PROVIDED MATERIAL -
============================================================

definition max_feasible :: "'a set set \<Rightarrow> 'a set \<Rightarrow> 'a set \<Rightarrow> bool" where
  "max_feasible I V W \<longleftrightarrow> W \<in> I \<and> card (W \<inter> V) = rank I V"

definition essential :: "'a set set \<Rightarrow> 'a set \<Rightarrow> 'a set" where
  "essential I V = {i \<in> V. \<forall>W. max_feasible I V W \<longrightarrow> i \<in> W}"

definition augmentation_fails :: "'a set set \<Rightarrow> 'a set \<Rightarrow> bool" where
  "augmentation_fails I V \<longleftrightarrow>
     (\<exists>B\<in>I. B \<subseteq> V \<and> card B < rank I V \<and> (\<forall>y\<in>V - B. insert y B \<notin> I))"

lemma sum_unit_bids: "finite S \<Longrightarrow> sum (unit_bids V) S = real (card (S \<inter> V))"
  by (simp add: unit_bids_def sum.If_cases Int_def)

lemma sum_unit_bids_update:
  assumes "finite S" "i \<in> V"
  shows "sum ((unit_bids V)(i := t)) S = real (card (S \<inter> V)) - (if i \<in> S then 1 - t else 0)"
proof (cases "i \<in> S")
  case True
  have "sum ((unit_bids V)(i := t)) S = t + sum ((unit_bids V)(i := t)) (S - {i})"
    by (simp only: sum.remove[OF assms(1) True] fun_upd_same)
  also have "sum ((unit_bids V)(i := t)) (S - {i}) = sum (unit_bids V) (S - {i})"
    by (intro sum.cong) auto
  also have "\<dots> = real (card (S \<inter> V - {i}))"
    using assms by (simp add: sum_unit_bids Int_Diff[symmetric] Diff_Int_distrib2)
  also have "\<dots> = real (card (S \<inter> V)) - 1"
  proof -
    have "0 < card (S \<inter> V)" using assms True by (auto simp: card_gt_0_iff)
    then show ?thesis using assms True by (simp add: card_Diff_singleton)
  qed
  finally show ?thesis using True by simp
next
  case False
  then have "sum ((unit_bids V)(i := t)) S = sum (unit_bids V) S"
    by (intro sum.cong) auto
  then show ?thesis using False assms by (simp add: sum_unit_bids)
qed

lemma critical_bid_eq_minimum:
  assumes "0 \<le> t" "vcg_alloc I (b(i := t)) W" "i \<in> W"
    and "\<And>t' W'. 0 \<le> t' \<Longrightarrow> vcg_alloc I (b(i := t')) W' \<Longrightarrow> i \<in> W' \<Longrightarrow> t \<le> t'"
  shows "critical_bid I b i = t"
  unfolding critical_bid_def using assms by (intro cInf_eq_minimum) auto

locale finite_downward_closed =
  fixes U :: "'a set" and I :: "'a set set"
  assumes finite_ground: "finite U" and downward_closed: "downward_closed U I"
begin

lemma feasible_subset_ground: "S \<in> I \<Longrightarrow> S \<subseteq> U"
  using downward_closed by (auto simp: downward_closed_def)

============================================================

PROBLEM - Retype the records above in full, exactly as they appear.

WRITTEN SOLUTION -
definition max_feasible :: "'a set set \<Rightarrow> 'a set \<Rightarrow> 'a set \<Rightarrow> bool" where
  "max_feasible I V W \<longleftrightarrow> W \<in> I \<and> card (W \<inter> V) = rank I V"

definition essential :: "'a set set \<Rightarrow> 'a set \<Rightarrow> 'a set" where
  "essential I V = {i \<in> V. \<forall>W. max_feasible I V W \<longrightarrow> i \<in> W}"

definition augmentation_fails :: "'a set set \<Rightarrow> 'a set \<Rightarrow> bool" where
  "augmentation_fails I V \<longleftrightarrow>
     (\<exists>B\<in>I. B \<subseteq> V \<and> card B < rank I V \<and> (\<forall>y\<in>V - B. insert y B \<notin> I))"

lemma sum_unit_bids: "finite S \<Longrightarrow> sum (unit_bids V) S = real (card (S \<inter> V))"
  by (simp add: unit_bids_def sum.If_cases Int_def)

lemma sum_unit_bids_update:
  assumes "finite S" "i \<in> V"
  shows "sum ((unit_bids V)(i := t)) S = real (card (S \<inter> V)) - (if i \<in> S then 1 - t else 0)"
proof (cases "i \<in> S")
  case True
  have "sum ((unit_bids V)(i := t)) S = t + sum ((unit_bids V)(i := t)) (S - {i})"
    by (simp only: sum.remove[OF assms(1) True] fun_upd_same)
  also have "sum ((unit_bids V)(i := t)) (S - {i}) = sum (unit_bids V) (S - {i})"
    by (intro sum.cong) auto
  also have "\<dots> = real (card (S \<inter> V - {i}))"
    using assms by (simp add: sum_unit_bids Int_Diff[symmetric] Diff_Int_distrib2)
  also have "\<dots> = real (card (S \<inter> V)) - 1"
  proof -
    have "0 < card (S \<inter> V)" using assms True by (auto simp: card_gt_0_iff)
    then show ?thesis using assms True by (simp add: card_Diff_singleton)
  qed
  finally show ?thesis using True by simp
next
  case False
  then have "sum ((unit_bids V)(i := t)) S = sum (unit_bids V) S"
    by (intro sum.cong) auto
  then show ?thesis using False assms by (simp add: sum_unit_bids)
qed

lemma critical_bid_eq_minimum:
  assumes "0 \<le> t" "vcg_alloc I (b(i := t)) W" "i \<in> W"
    and "\<And>t' W'. 0 \<le> t' \<Longrightarrow> vcg_alloc I (b(i := t')) W' \<Longrightarrow> i \<in> W' \<Longrightarrow> t \<le> t'"
  shows "critical_bid I b i = t"
  unfolding critical_bid_def using assms by (intro cInf_eq_minimum) auto

locale finite_downward_closed =
  fixes U :: "'a set" and I :: "'a set set"
  assumes finite_ground: "finite U" and downward_closed: "downward_closed U I"
begin

lemma feasible_subset_ground: "S \<in> I \<Longrightarrow> S \<subseteq> U"
  using downward_closed by (auto simp: downward_closed_def)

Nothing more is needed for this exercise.